7. Open Problems, Research Directions, and Community Insights

Despite marked progress, NLE remains an unsolved grand challenge for RL/IL, illustrating the current limits of scalable, autonomous decision-making. Key difficulty factors include:

Sparse and multi-stage rewards: Score increases and critical events are infrequent and often delayed thousands of steps.
Partial, multi-modal observations: State estimation and message parsing are essential for survival and planning.
Procedural variability and combinatorial growth: No two episodes are alike; successful policies must generalize structurally, not memorize.
Hierarchical competence requirements: Multi-step skills (food management, curse identification, puzzle solving) must be learned or supplied a priori.

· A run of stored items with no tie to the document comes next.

lemma storage_step:
  fixes x1 x2 :: "real \<Rightarrow> real ^ 'n" and w1 w2 :: "real \<Rightarrow> real ^ 'w"
  assumes sol1: "is_solution f B w1 x1" and sol2: "is_solution f B w2 x2"
    and t: "0 \<le> t" and h: "0 < h" "h \<le> h0"
    and W: "(\<lambda>s. l1norm (w1 s - w2 s)) integrable_on {t..t+h}"
  shows "\<phi> (x1 (t+h) - x2 (t+h)) \<le> \<phi> (x1 t - x2 t) - h * l1norm (C *v (x1 t - x2 t))
           + L * norm (integral {t..t+h} (\<lambda>s. f (x1 s) - f (x2 s)) - h *\<^sub>R (f (x1 t) - f (x2 t)))
           + \<gamma> * integral {t..t+h} (\<lambda>s. l1norm (w1 s - w2 s))"
proof -
  define e where "e s = x1 s - x2 s" for s
  define D where "D = (\<lambda>s. f (x1 s) - f (x2 s))"
  define R where "R = integral {t..t+h} D - h *\<^sub>R D t"
  define G where "G = e (t+h) - e t - integral {t..t+h} D"
  have "continuous_on {0..t+h} D"
    unfolding D_def by (rule continuous_on_field_difference[OF sol1 sol2]) (use t h in simp)
  then have "D integrable_on {t..t+h}"
    using t by (intro integrable_continuous_real) (auto elim: continuous_on_subset)
  then have "(D has_integral integral {t..t+h} D) {t..t+h}"
    by (rule integrable_integral)
  moreover have "((\<lambda>s. f (x1 s) + B *v w1 s) has_integral (x1 (t+h) - x1 t)) {t..t+h}"
    "((\<lambda>s. f (x2 s) + B *v w2 s) has_integral (x2 (t+h) - x2 t)) {t..t+h}"
    using t h by (intro is_solution_has_integral[OF sol1] is_solution_has_integral[OF sol2]; simp)+
  ultimately have int: "((\<lambda>s. (f (x1 s) + B *v w1 s) - (f (x2 s) + B *v w2 s) - D s) has_integral
      (x1 (t+h) - x1 t) - (x2 (t+h) - x2 t) - integral {t..t+h} D) {t..t+h}"
    by (intro has_integral_diff)
  have integrand: "(\<lambda>s. (f (x1 s) + B *v w1 s) - (f (x2 s) + B *v w2 s) - D s) = (\<lambda>s. B *v (w1 s - w2 s))"
    by (simp add: D_def fun_eq_iff matrix_vector_mult_diff_distrib)
  have G_eq: "(x1 (t+h) - x1 t) - (x2 (t+h) - x2 t) - integral {t..t+h} D = G"
    by (simp add: G_def e_def)
  have BG: "((\<lambda>s. B *v (w1 s - w2 s)) has_integral G) {t..t+h}"
    using int unfolding integrand G_eq .
  have "((\<lambda>s. \<gamma> * l1norm (w1 s - w2 s)) has_integral \<gamma> * integral {t..t+h} (\<lambda>s. l1norm (w1 s - w2 s))) {t..t+h}"
    using W by (intro has_integral_mult_right integrable_integral)
  then have \<phi>G: "\<phi> G \<le> \<gamma> * integral {t..t+h} (\<lambda>s. l1norm (w1 s - w2 s))"
    using h input by (intro sublinear_has_integral_le[OF sublinear _ BG]) auto
  have split: "e (t+h) = (e t + h *\<^sub>R D t) + R + G"
    by (simp add: R_def G_def)
  have "\<phi> (e (t+h)) \<le> \<phi> (e t + h *\<^sub>R D t) + \<phi> R + \<phi> G"
    using sublinear_add_le[OF sublinear, of "e t + h *\<^sub>R D t + R" G]
      sublinear_add_le[OF sublinear, of "e t + h *\<^sub>R D t" R] unfolding split by linarith
  moreover have "\<phi> (e t + h *\<^sub>R D t) \<le> \<phi> (e t) - h * l1norm (C *v e t)"
    unfolding e_def D_def by (rule decrease[OF h])
  ultimately show ?thesis
    using le_norm[of R] \<phi>G by (simp add: e_def D_def R_def)
qed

Symbolic agents and hybrids built on explicit strategy stacks (AutoAscend, RAPH, LuckyMera) still outperform even the best large-scale neural policies by factors of $2\times$ – $4\times$ in median score (Hambro et al., 2022, Piterbarg et al., 2023, Tuyls et al., 2023). Scaling data and model size (behavioral cloning) yields predictable returns (clean power laws), but falls short of true expert play—forecasting human-level performance implies needing billions of parameters and trillions of samples (Tuyls et al., 2023).

Recent advances in LLM-based skill learning, modularity, and reward synthesis illustrate the promise of integrating symbolic, neural, and language-centric paradigms. Efficient sample reuse (offline pre-training), compositional skill discovery, and robust knowledge transfer/retention are active research areas that directly benefit from NLE's structural challenges (Klissarov et al., 2024, Mazoure et al., 2023, Wołczyk et al., 2024).

NLE serves as a canonical, reproducible testbed for studying systematic generalization, long-horizon planning, safe reinforcement learning, and hierarchical competence—offering a powerful, computationally accessible alternative to larger-scale simulators without sacrificing scientific rigor (Küttler et al., 2020, Hambro et al., 2022).